Preetesh Singh (Specialist, CASE and Alternate Powertrains) and Mridul Agarwal (SAC) at Nomura Research Institute present their research and analysis of India’s current landscape of local cell manufacturing and supply chain.
EV batteries
According to Niti Aayog, electric vehicles alone are poised to account for approximately 64% of the cumulative battery potential in India between 2022 and 2030, with grid storage applications following closely behind. Currently, the battery landscape is primarily dominated by LFP and NMC variants. LFP batteries are the preferred choice for E4W, while NMC batteries predominantly power E2Ws. Consequently, it becomes imperative to meticulously scrutinize the localization prospects for these two battery types within the Indian market.
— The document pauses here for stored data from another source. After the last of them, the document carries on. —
theorem mainTheorem2:
  shows "\<exists>C::real. C > 0 \<and>
    (\<forall>p::real. \<forall>n::nat. \<forall>z. 0 < p \<and> p < 1 \<and> n \<ge> 1 \<and> z \<in> cube (2*n)
       \<and> even (card {i \<in> {0..<2*n}. z i})
       \<longrightarrow> pullback p n z \<ge> C * mu p (2*n) z)"
proof (intro exI[of _ 1] conjI allI impI)
  fix p :: real and n :: nat and z :: "nat \<Rightarrow> bool"
  assume "0 < p \<and> p < 1 \<and> n \<ge> 1 \<and> z \<in> cube (2*n) \<and> even (card {i \<in> {0..<2*n}. z i})"
  then have p: "0 \<le> p" "p \<le> 1" and "even (card {i \<in> {0..<2*n}. z i})"
    by auto
  then obtain k where k: "card {i \<in> {0..<2 * n}. z i} = 2 * k"
    by (auto elim: evenE)
  define m where "m = p ^ k * (1 - p) ^ (n - k)"
  have "2 * k \<le> 2 * n"
    unfolding k[symmetric] by (rule order.trans[OF card_mono[of "{0..<2 * n}"]]) auto
  then have "k \<le> n" by simp
  have "0 \<le> m"
    using p by (simp add: m_def)
  have "mu p (2 * n) z = p ^ (2 * k) * (1 - p) ^ (2 * (n - k))"
    unfolding mu_eq_power k by (simp flip: diff_mult_distrib2)
  also have "\<dots> = m * m"
    unfolding power_even_eq m_def by (simp add: power2_eq_square mult_ac)
  also have "\<dots> \<le> real (n choose k) / real ((2 * n) choose (2 * k)) * m"
    using binomial_double_weight_le[OF p \<open>k \<le> n\<close>] \<open>k \<le> n\<close> \<open>0 \<le> m\<close>
    by (intro mult_right_mono) (simp_all add: m_def pos_le_divide_eq mult.commute)
  also have "\<dots> \<le> pullback p n z"
    using pullback_ge_binomial_ratio[OF p k] by (simp add: m_def)
  finally show "1 * mu p (2 * n) z \<le> pullback p n z"
    by simp
qed (simp)

end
Image by Nomura Research Institute
A cost breakdown of these batteries into cell and pack components is done above. Remarkably, the pack components and pack assembly together constitute approximately 30% of the battery component’s overall value. The cell can be further disassembled into Cathode, Anode, Separator and Electrolytes.
Among these, the cell cathode emerges as the primary cost contributor, commanding a significant 21% in LFP batteries and a substantial 42% in NMC batteries.
Yet, the downstream supply chain for these critical components, encompassing cathode, anode, separator, and electrolyte, finds itself in a fledgling state in India. This fragility is primarily attributed to the scarcity of raw materials, a limited number of manufacturers, and the inherent uncertainty regarding demand security.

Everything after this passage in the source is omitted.